-------- Exercise materials --------

lemma region_codes_in_side:
  assumes "i < n" and A: "A = Hplus i \<or> A = Hminus i"
  shows "region_code n ` {R \<in> regions n. R \<subseteq> A} = point_code n ` (complement n \<inter> A)"
proof -
  have side: "cell n (point_code n p) \<subseteq> A \<longleftrightarrow> p \<in> A" if p: "p \<in> complement n" for p
  proof -
    have "q \<in> A \<longleftrightarrow> p \<in> A" if "q \<in> cell n (point_code n p)" for q
    proof -
      have "H i q \<noteq> 0" "H i p \<noteq> 0" "H i q > 0 \<longleftrightarrow> H i p > 0"
        using that p \<open>i < n\<close> by (auto simp: mem_cell_iff mem_complement_iff)
      then show ?thesis
        using A by (auto simp: Hplus_def Hminus_def)
    qed
    moreover have "p \<in> cell n (point_code n p)"
      using p by (simp add: mem_cell_iff)
    ultimately show ?thesis
      by blast
  qed
  have "{R \<in> regions n. R \<subseteq> A} = cell n ` point_code n ` (complement n \<inter> A)"
    unfolding regions_eq_cells using side by blast
  then show ?thesis
    by (simp add: region_code_image_cells image_mono)
qed

lemma H_product_point: "H i (a + b, a * b) = (real i - a) * (real i - b)"
  by (simp add: H_def power2_eq_square algebra_simps)

lemma exists_point_negative_exactly_on:
  assumes "k \<le> l"
  obtains q where "\<And>i. H i q \<noteq> 0" "\<And>i. H i q < 0 \<longleftrightarrow> k \<le> i \<and> i < l"
proof
  \<comment> \<open>H_a vanishes at (a + b, a b): this is where the tangents with parameters a and b meet.\<close>
  define a b where "a = real k - 1/2" and "b = real l - 1/2"
  have not_half_integer: "real i \<noteq> real j - 1/2" for i j
  proof
    assume "real i = real j - 1/2"
    then have "real (2 * i + 1) = real (2 * j)"
      by simp
    then have "2 * i + 1 = 2 * j"
      by (simp only: of_nat_eq_iff)
    then show False
      by presburger
  qed
  then have "real i \<noteq> a" "real i \<noteq> b" for i
    unfolding a_def b_def by simp_all
  then show "H i (a + b, a * b) \<noteq> 0" for i
    by (simp add: H_product_point)
  have "a < real i \<longleftrightarrow> k \<le> i" "real i < b \<longleftrightarrow> i < l" for i
  proof -
    have "real k < real i + 1 \<longleftrightarrow> k \<le> i" "real i + 1 \<le> real l \<longleftrightarrow> i < l"
      by linarith+
    then show "a < real i \<longleftrightarrow> k \<le> i" "real i < b \<longleftrightarrow> i < l"
      unfolding a_def b_def using not_half_integer[of i k] not_half_integer[of i l] by linarith+
  qed
  moreover have "(real i - a) * (real i - b) < 0 \<longleftrightarrow> a < real i \<and> real i < b" for i
    using assms by (auto simp: mult_less_0_iff a_def b_def)
  ultimately show "H i (a + b, a * b) < 0 \<longleftrightarrow> k \<le> i \<and> i < l" for i
    by (simp only: H_product_point)
qed

lemma H_neg_between:
  assumes "a < b" "b < c" "H a p \<le> 0" "H c p \<le> 0"
  shows "H b p < 0"
proof -
  \<comment> \<open>i \<mapsto> H i p is a monic quadratic in i, hence strictly convex.\<close>
  have "(real c - real a) * H b p = (real c - real b) * H a p + (real b - real a) * H c p
      - (real b - real a) * (real c - real b) * (real c - real a)"
    by (simp add: H_def power2_eq_square algebra_simps)
  moreover have "(real c - real b) * H a p \<le> 0" "(real b - real a) * H c p \<le> 0"
    using assms by (simp_all add: mult_nonneg_nonpos)
  moreover have "(real b - real a) * (real c - real b) * (real c - real a) > 0"
    using assms by simp
  ultimately have "(real c - real a) * H b p < 0"
    by linarith
  then show ?thesis
    using assms by (simp add: mult_less_0_iff)
qed

lemma negative_indices_final_segment:
  assumes p: "p \<in> complement j" and "H j p \<le> 0"
  obtains k where "k \<le> j" "\<And>i. i < j \<Longrightarrow> H i p < 0 \<longleftrightarrow> k \<le> i"
proof
  define k where "k = (LEAST i. i = j \<or> H i p < 0)"
  show "k \<le> j"
    unfolding k_def by (simp add: Least_le)
  have k: "k = j \<or> H k p < 0"
    unfolding k_def by (rule LeastI[of _ j]) simp
  fix i assume "i < j"
  show "H i p < 0 \<longleftrightarrow> k \<le> i"
  proof
    assume "H i p < 0"
    then show "k \<le> i"
      unfolding k_def by (simp add: Least_le)
  next
    assume "k \<le> i"
    then show "H i p < 0"
      using k \<open>i < j\<close> \<open>H j p \<le> 0\<close> H_neg_between[of k i j p] by (cases "k = i") auto
  qed
qed

lemma point_code_threshold:
  assumes "k \<le> n" "\<And>i. i < n \<Longrightarrow> H i q > 0 \<longleftrightarrow> i < k"
  shows "point_code n q = replicate k 1 @ replicate (n - k) 0"
  using assms by (intro nth_equalityI) (auto simp: point_code_def nth_append)

lemma point_codes_in_Hminus:
  "point_code (Suc m) ` (complement (Suc m) \<inter> Hminus m)
     = {replicate k 1 @ replicate (Suc m - k) 0 | k. k < Suc m}"
proof (intro set_eqI iffI)
  fix c :: "nat list" assume "c \<in> point_code (Suc m) ` (complement (Suc m) \<inter> Hminus m)"
  then obtain q where q: "q \<in> complement (Suc m)" "H m q < 0" and c: "c = point_code (Suc m) q"
    by (auto simp: Hminus_def)
  then have "q \<in> complement m"
    by (simp add: mem_complement_iff)
  obtain k where "k \<le> m" and k: "\<And>i. i < m \<Longrightarrow> H i q < 0 \<longleftrightarrow> k \<le> i"
    using negative_indices_final_segment[OF \<open>q \<in> complement m\<close> less_imp_le[OF q(2)]] by blast
  have "H i q > 0 \<longleftrightarrow> i < k" if "i < Suc m" for i
    using that q k[of i] \<open>k \<le> m\<close> by (cases "i = m") (auto simp: mem_complement_iff)
  then have "c = replicate k 1 @ replicate (Suc m - k) 0"
    unfolding c using \<open>k \<le> m\<close> by (intro point_code_threshold) auto
  then show "c \<in> {replicate k 1 @ replicate (Suc m - k) 0 | k. k < Suc m}"
    using \<open>k \<le> m\<close> by auto
next
  fix c :: "nat list" assume "c \<in> {replicate k 1 @ replicate (Suc m - k) 0 | k. k < Suc m}"
  then obtain k where "k < Suc m" and c: "c = replicate k 1 @ replicate (Suc m - k) 0"
    by blast
  obtain q where nz: "\<And>i. H i q \<noteq> 0" and neg: "\<And>i. H i q < 0 \<longleftrightarrow> k \<le> i \<and> i < Suc m"
    using exists_point_negative_exactly_on[of k "Suc m"] \<open>k < Suc m\<close> by auto
  have "H i q > 0 \<longleftrightarrow> i < k" if "i < Suc m" for i
    using that nz[of i] neg[of i] by auto
  then have "point_code (Suc m) q = c"
    unfolding c using \<open>k < Suc m\<close> by (intro point_code_threshold) auto
  moreover have "q \<in> complement (Suc m) \<inter> Hminus m"
    using nz neg[of m] \<open>k < Suc m\<close> by (auto simp: mem_complement_iff Hminus_def)
  ultimately show "c \<in> point_code (Suc m) ` (complement (Suc m) \<inter> Hminus m)"
    by blast
qed
(* Let $\Pi$ be a Poisson process on $\mathbb{L}$ with intensity $\alpha\mu$, $\alpha>0$. For $n\ge1$ let $Z_n$ be the number of vertices $x$ with $d(\varnothing,x)=n$ such that no line of $\Pi$ meets the geodesic segment $[\![\varnothing,x]\!]$. Let $\mathcal{F}_n$ be the $\sigma$-algebra generated by the restriction of $\Pi$ to lines meeting $\{x:d(\varnothing,x)\le n\}$. Then for every $n\ge1$, conditionally on $\mathcal{F}_n$, $Z_{n+1}$ is distributed as a sum of $Z_n$ independent $\mathrm{Binomial}(2,e^{-\alpha/4})$ random variables. In particular, $(Z_n)_{n\ge1}$ is a Galton–Watson branching process with offspring law $\mathrm{Binomial}(2,e^{-\alpha/4})$.
   Context: $\mathbb{T}$ is the $3$-regular tree with graph distance $d$ and root $\varnothing$. A line is the vertex set of a bi-infinite geodesic, and $\mathbb{L}$ is the set of lines. $\mu$ is the unique Borel measure on $\mathbb{L}$ invariant under graph automorphisms with $\mu\{\ell:\ell\ni x,\ \ell\ni y\}=2^{-d(x,y)}$ for all $x\neq y$. *)

theory Defs
  imports "HOL-Probability.Probability"
begin

text \<open>Vertices are words: the root is the empty word, the root has the three
children [0],[1],[2], every other vertex x has the two children x@[0], x@[1].\<close>

definition tverts :: "nat list set" where
  "tverts = {xs. xs = [] \<or> (hd xs < 3 \<and> (\<forall>a\<in>set (tl xs). a < 2))}"

definition troot :: "nat list" where
  "troot = []"

definition tadj :: "nat list \<Rightarrow> nat list \<Rightarrow> bool" where
  "tadj x y \<longleftrightarrow> x \<in> tverts \<and> y \<in> tverts \<and> ((\<exists>a. y = x @ [a]) \<or> (\<exists>a. x = y @ [a]))"

definition tdist :: "nat list \<Rightarrow> nat list \<Rightarrow> nat" where
  "tdist x y = (LEAST n. \<exists>p::nat \<Rightarrow> nat list. p 0 = x \<and> p n = y \<and>
                            (\<forall>i<n. tadj (p i) (p (Suc i))))"

definition tsegment :: "nat list \<Rightarrow> nat list \<Rightarrow> nat list set" where
  "tsegment a b = {y \<in> tverts. tdist a y + tdist y b = tdist a b}"

definition tlines :: "nat list set set" where
  "tlines = {S. \<exists>g::int \<Rightarrow> nat list. (\<forall>i. g i \<in> tverts) \<and>
                 (\<forall>i j. tdist (g i) (g j) = nat \<bar>i - j\<bar>) \<and> S = range g}"
lemma conv_delta_char_fun_delta:
  assumes K: "finite K" "K \<subseteq> carrier G" and g: "g \<in> carrier G" and h: "h \<in> carrier G"
  shows "conv G (delta g) (conv G (char_fun K) (delta h)) = char_fun ((\<lambda>k. g \<otimes> k \<otimes> h) ` K)"
proof (rule ext)
  fix y
  show "conv G (delta g) (conv G (char_fun K) (delta h)) y = char_fun ((\<lambda>k. g \<otimes> k \<otimes> h) ` K) y"
  proof (cases "y \<in> carrier G")
    case True
    have "inv g \<otimes> y \<otimes> inv h \<in> K \<longleftrightarrow> y \<in> (\<lambda>k. g \<otimes> k \<otimes> h) ` K"
    proof
      assume "inv g \<otimes> y \<otimes> inv h \<in> K"
      moreover have "y = g \<otimes> (inv g \<otimes> y \<otimes> inv h) \<otimes> h"
        using g h True by (simp add: m_assoc[symmetric]) (simp add: m_assoc)
      ultimately show "y \<in> (\<lambda>k. g \<otimes> k \<otimes> h) ` K" by blast
    next
      assume "y \<in> (\<lambda>k. g \<otimes> k \<otimes> h) ` K"
      then obtain k where k: "k \<in> K" "y = g \<otimes> k \<otimes> h" by auto
      have "k \<in> carrier G" using k K(2) by blast
      with k g h have "inv g \<otimes> y \<otimes> inv h = k"
        by (simp add: m_assoc flip: m_assoc) (simp add: m_assoc)
      with k show "inv g \<otimes> y \<otimes> inv h \<in> K" by simp
    qed
    moreover have "conv G (char_fun K) (delta h) \<in> group_ring G"
      using K h by (intro conv_in_group_ring char_fun_in_group_ring delta_in_group_ring)
    ultimately show ?thesis using True g h
      by (simp add: conv_delta_left conv_delta_right char_fun_def m_assoc)
  next
    case False
    then have "y \<notin> (\<lambda>k. g \<otimes> k \<otimes> h) ` K" using K(2) g h by auto
    with False show ?thesis by (simp add: conv_def char_fun_def)
  qed
qed

lemma two_sided_ideal_double_translate:
  assumes J: "two_sided_ideal G J" and K: "char_fun K \<in> J" "finite K" "K \<subseteq> carrier G"
    and g: "g \<in> carrier G" and h: "h \<in> carrier G"
  shows "char_fun ((\<lambda>k. g \<otimes> k \<otimes> h) ` K) \<in> J"
proof -
  have "conv G (char_fun K) (delta h) \<in> J"
    using J K(1) delta_in_group_ring[OF h] by (auto simp: two_sided_ideal_def)
  then have "conv G (delta g) (conv G (char_fun K) (delta h)) \<in> J"
    using J delta_in_group_ring[OF g] by (auto simp: two_sided_ideal_def)
  then show ?thesis by (simp only: conv_delta_char_fun_delta[OF K(2,3) g h])
qed

lemma subspace_two_sided_ideal:
  assumes J: "two_sided_ideal G J"
  shows "fun_space.subspace J"
proof (rule fun_space.subspaceI)
  show "0 \<in> J" "\<And>x y. x \<in> J \<Longrightarrow> y \<in> J \<Longrightarrow> x + y \<in> J"
    using J by (simp_all add: two_sided_ideal_def zero_fun_def plus_fun_def)
  fix c b assume b: "b \<in> J"
  then have "b \<in> group_ring G" using J by (auto simp: two_sided_ideal_def)
  then have "fun_scale c b = conv G (fun_scale c (delta \<one>)) b"
    by (simp add: conv_fun_scale_left conv_delta_left)
      (auto simp: fun_scale_def fun_eq_iff group_ring_def fun_on_def)
  moreover have "fun_scale c (delta \<one>) \<in> group_ring G"
    by (auto simp: group_ring_def fun_on_def fun_scale_def delta_def)
  ultimately show "fun_scale c b \<in> J" using J b by (auto simp: two_sided_ideal_def)
qed

lemma sum_right_translate:
  assumes b: "b \<in> group_ring G" and x: "x \<in> carrier G"
    and Y: "finite Y" "Y \<subseteq> carrier G" "(\<lambda>z. z \<otimes> x) ` {z. b z \<noteq> 0} \<subseteq> Y"
  shows "(\<Sum>y\<in>Y. F y * b (y \<otimes> inv x)) = pairing (\<lambda>z. F (z \<otimes> x)) b"
proof -
  let ?S = "{z. b z \<noteq> 0}"
  have S: "\<And>z. z \<in> ?S \<Longrightarrow> z \<in> carrier G" using b by (auto simp: group_ring_def fun_on_def)
  have inj: "inj_on (\<lambda>z. z \<otimes> x) ?S"
    using x S by (intro inj_onI) simp
  have "pairing (\<lambda>z. F (z \<otimes> x)) b = (\<Sum>z\<in>?S. F (z \<otimes> x) * b (z \<otimes> x \<otimes> inv x))"
    unfolding pairing_def using x S by (intro sum.cong refl) (simp add: m_assoc)
  also have "\<dots> = (\<Sum>y\<in>(\<lambda>z. z \<otimes> x) ` ?S. F y * b (y \<otimes> inv x))"
    by (simp add: sum.reindex[OF inj])
  also have "\<dots> = (\<Sum>y\<in>Y. F y * b (y \<otimes> inv x))"
  proof (rule sum.mono_neutral_left[OF Y(1) Y(3)], rule ballI)
    fix y assume y: "y \<in> Y - (\<lambda>z. z \<otimes> x) ` ?S"
    with Y(2) x have "y = y \<otimes> inv x \<otimes> x" by (simp add: subset_iff m_assoc)
    with y have "y \<otimes> inv x \<notin> ?S" by blast
    then show "F y * b (y \<otimes> inv x) = 0" by simp
  qed
  finally show ?thesis ..
qed

lemma pairing_conv:
  assumes r: "r \<in> group_ring G" and a: "a \<in> group_ring G"
  shows "pairing F (conv G r a) = pairing (\<lambda>z. pairing (\<lambda>x. F (z \<otimes> x)) a) r"
proof -
  let ?Sr = "{x. r x \<noteq> 0}" and ?Sa = "{x. a x \<noteq> 0}"
  let ?Y = "(\<lambda>(z, x). z \<otimes> x) ` (?Sr \<times> ?Sa)"
  have supp: "?Sr \<subseteq> carrier G" "?Sa \<subseteq> carrier G" "finite ?Sr" "finite ?Sa"
    using r a by (auto simp: group_ring_def fun_on_def)
  have Y: "finite ?Y" "?Y \<subseteq> carrier G"
    using supp by auto
  have "pairing F (conv G r a) = (\<Sum>y\<in>?Y. F y * conv G r a y)"
    by (rule pairing_superset[OF Y(1) support_conv_subset[OF a]])
  also have "\<dots> = (\<Sum>y\<in>?Y. F y * (\<Sum>x\<in>?Sa. r (y \<otimes> inv x) * a x))"
  proof (rule sum.cong[OF refl])
    fix y assume "y \<in> ?Y"
    with Y(2) have "y \<in> carrier G" by blast
    moreover have "{x \<in> carrier G. a x \<noteq> 0} = ?Sa" using supp(2) by blast
    ultimately show "F y * conv G r a y = F y * (\<Sum>x\<in>?Sa. r (y \<otimes> inv x) * a x)"
      by (simp add: conv_def)
  qed
  also have "\<dots> = (\<Sum>y\<in>?Y. \<Sum>x\<in>?Sa. F y * r (y \<otimes> inv x) * a x)"
    by (simp add: sum_distrib_left mult.assoc)
  also have "\<dots> = (\<Sum>x\<in>?Sa. \<Sum>y\<in>?Y. F y * r (y \<otimes> inv x) * a x)"
    by (rule sum.swap)
  also have "\<dots> = (\<Sum>x\<in>?Sa. pairing (\<lambda>z. F (z \<otimes> x)) r * a x)"
  proof (rule sum.cong[OF refl])
    fix x assume x: "x \<in> ?Sa"
    then have "(\<lambda>z. z \<otimes> x) ` ?Sr \<subseteq> ?Y"
      by (auto intro: rev_image_eqI[where x = "(_, x)"])
    with x supp(2) have "(\<Sum>y\<in>?Y. F y * r (y \<otimes> inv x)) = pairing (\<lambda>z. F (z \<otimes> x)) r"
      by (intro sum_right_translate[OF r _ Y]) auto
    then show "(\<Sum>y\<in>?Y. F y * r (y \<otimes> inv x) * a x) = pairing (\<lambda>z. F (z \<otimes> x)) r * a x"
      by (simp only: sum_distrib_right[symmetric])
  qed
  also have "\<dots> = pairing (\<lambda>x. pairing (\<lambda>z. F (z \<otimes> x)) r) a"
    by (simp add: pairing_def)
  also have "\<dots> = pairing (\<lambda>z. pairing (\<lambda>x. F (z \<otimes> x)) a) r"
    by (rule pairing_swap[OF supp(4,3)])
  finally show ?thesis .
qed

lemma two_sided_ideal_translate_annihilator: "two_sided_ideal G (translate_annihilator G f)"
  unfolding two_sided_ideal_def
proof (intro conjI ballI)
  show "translate_annihilator G f \<subseteq> group_ring G"
    by (auto simp: translate_annihilator_def)
  show "(\<lambda>_. 0) \<in> translate_annihilator G f"
    by (auto simp: translate_annihilator_def pairing_def group_ring_def fun_on_def)
next
  fix a b assume "a \<in> translate_annihilator G f" "b \<in> translate_annihilator G f"
  then show "(\<lambda>x. a x + b x) \<in> translate_annihilator G f"
    using two_sided_ideal_group_ring
    by (auto simp: translate_annihilator_def two_sided_ideal_def pairing_add group_ring_def)
next
  fix a assume "a \<in> translate_annihilator G f"
  then show "(\<lambda>x. - a x) \<in> translate_annihilator G f"
    using two_sided_ideal_group_ring
    by (auto simp: translate_annihilator_def two_sided_ideal_def pairing_uminus)
next
  fix a r assume a: "a \<in> translate_annihilator G f" and r: "r \<in> group_ring G"
  then have ar: "a \<in> group_ring G"
    and ann: "\<And>g h. g \<in> carrier G \<Longrightarrow> h \<in> carrier G \<Longrightarrow> pairing (\<lambda>x. f (g \<otimes> x \<otimes> h)) a = 0"
    by (auto simp: translate_annihilator_def)
  have supp: "\<And>x. r x \<noteq> 0 \<Longrightarrow> x \<in> carrier G" "\<And>x. a x \<noteq> 0 \<Longrightarrow> x \<in> carrier G"
    using ar r by (auto simp: group_ring_def fun_on_def)
  show "conv G r a \<in> translate_annihilator G f"
    unfolding translate_annihilator_def
  proof (intro CollectI conjI ballI conv_in_group_ring r ar)
    fix g h assume g: "g \<in> carrier G" and h: "h \<in> carrier G"
    have "pairing (\<lambda>y. f (g \<otimes> y \<otimes> h)) (conv G r a)
        = pairing (\<lambda>z. pairing (\<lambda>x. f ((g \<otimes> z) \<otimes> x \<otimes> h)) a) r"
      unfolding pairing_conv[OF r ar] using g supp
      by (intro pairing_cong) (simp add: m_assoc)
    also have "\<dots> = pairing (\<lambda>_. 0) r"
      using g h supp(1) ann by (intro pairing_cong) simp
    finally show "pairing (\<lambda>y. f (g \<otimes> y \<otimes> h)) (conv G r a) = 0"
      by (simp add: pairing_def)
  qed
  show "conv G a r \<in> translate_annihilator G f"
    unfolding translate_annihilator_def
  proof (intro CollectI conjI ballI conv_in_group_ring r ar)
    fix g h assume g: "g \<in> carrier G" and h: "h \<in> carrier G"
    have "pairing (\<lambda>y. f (g \<otimes> y \<otimes> h)) (conv G a r)
        = pairing (\<lambda>z. pairing (\<lambda>x. f (g \<otimes> (z \<otimes> x) \<otimes> h)) r) a"
      by (rule pairing_conv[OF ar r])
    also have "\<dots> = pairing (\<lambda>x. pairing (\<lambda>z. f (g \<otimes> (z \<otimes> x) \<otimes> h)) a) r"
      by (rule pairing_swap[OF finite_support[OF ar] finite_support[OF r]])
    also have "\<dots> = pairing (\<lambda>x. pairing (\<lambda>z. f (g \<otimes> z \<otimes> (x \<otimes> h))) a) r"
      using g h supp by (intro pairing_cong) (simp add: m_assoc)
    also have "\<dots> = pairing (\<lambda>_. 0) r"
      using h supp(1) ann g by (intro pairing_cong) simp
    finally show "pairing (\<lambda>y. f (g \<otimes> y \<otimes> h)) (conv G a r) = 0"
      by (simp add: pairing_def)
  qed
qed

lemma inj_on_double_translate:
  assumes K: "K \<subseteq> carrier G" and g: "g \<in> carrier G" and h: "h \<in> carrier G"
  shows "inj_on (\<lambda>k. g \<otimes> k \<otimes> h) K"
proof (rule inj_onI)
  fix k k' assume "k \<in> K" "k' \<in> K" and eq: "g \<otimes> k \<otimes> h = g \<otimes> k' \<otimes> h"
  with K have k: "k \<in> carrier G" "k' \<in> carrier G" by auto
  with eq g h have "g \<otimes> k = g \<otimes> k'" by simp
  then have "inv g \<otimes> (g \<otimes> k) = inv g \<otimes> (g \<otimes> k')" by simp
  with k g show "k = k'" by (simp add: m_assoc[symmetric])
qed
lemma char_fun_in_translate_annihilator_iff:
  assumes K: "finite K" "K \<subseteq> carrier G"
  shows "char_fun K \<in> translate_annihilator G f \<longleftrightarrow>
    (\<forall>g\<in>carrier G. \<forall>h\<in>carrier G. (\<Sum>x\<in>{g \<otimes> k \<otimes> h | k. k \<in> K}. f x) = 0)"
proof -
  have "(\<Sum>x\<in>{g \<otimes> k \<otimes> h | k. k \<in> K}. f x) = pairing (\<lambda>x. f (g \<otimes> x \<otimes> h)) (char_fun K)"
    if g: "g \<in> carrier G" and h: "h \<in> carrier G" for g h
  proof -
    from inj_on_double_translate[OF K(2) g h] show ?thesis by (simp add: pairing_char_fun Setcompr_eq_image sum.reindex)
  qed
  then show ?thesis
    using char_fun_in_group_ring[OF K] by (auto simp: translate_annihilator_def)
qed

lemma delta_in_translate_annihilator_imp_zero:
  assumes "delta x \<in> translate_annihilator G f" "x \<in> carrier G"
  shows "f x = 0"
proof -
  have "\<forall>g\<in>carrier G. \<forall>h\<in>carrier G. f (g \<otimes> x \<otimes> h) = 0"
    using assms(1) by (simp add: translate_annihilator_def pairing_delta)
  then have "f (\<one> \<otimes> x \<otimes> \<one>) = 0" by blast
  with assms(2) show ?thesis by simp
qed

lemma pompeiu_if_gen_ideal_eq_group_ring:
  assumes K: "finite K" "K \<subseteq> carrier G" and I: "gen_ideal G (char_fun K) = group_ring G"
  shows "pompeiu G (fun_on G) K"
  unfolding pompeiu_def
proof (intro ballI impI)
  fix f :: "'a \<Rightarrow> complex" and x
  assume "\<forall>g\<in>carrier G. \<forall>h\<in>carrier G. (\<Sum>x\<in>{g \<otimes> k \<otimes> h | k. k \<in> K}. f x) = 0"
  then have "char_fun K \<in> translate_annihilator G f"
    by (simp add: char_fun_in_translate_annihilator_iff[OF K])
  then have "group_ring G \<subseteq> translate_annihilator G f"
    using gen_ideal_least[OF two_sided_ideal_translate_annihilator] I by blast
  moreover assume "x \<in> carrier G"
  ultimately show "f x = 0"
    using delta_in_group_ring delta_in_translate_annihilator_imp_zero by blast
qed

--------

§ Action item
From the data above, copy every line where "tsegment" appears.

§ Expected answer
definition tsegment :: "nat list \<Rightarrow> nat list \<Rightarrow> nat list set" where
  "tsegment a b = {y \<in> tverts. tdist a y + tdist y b = tdist a b}"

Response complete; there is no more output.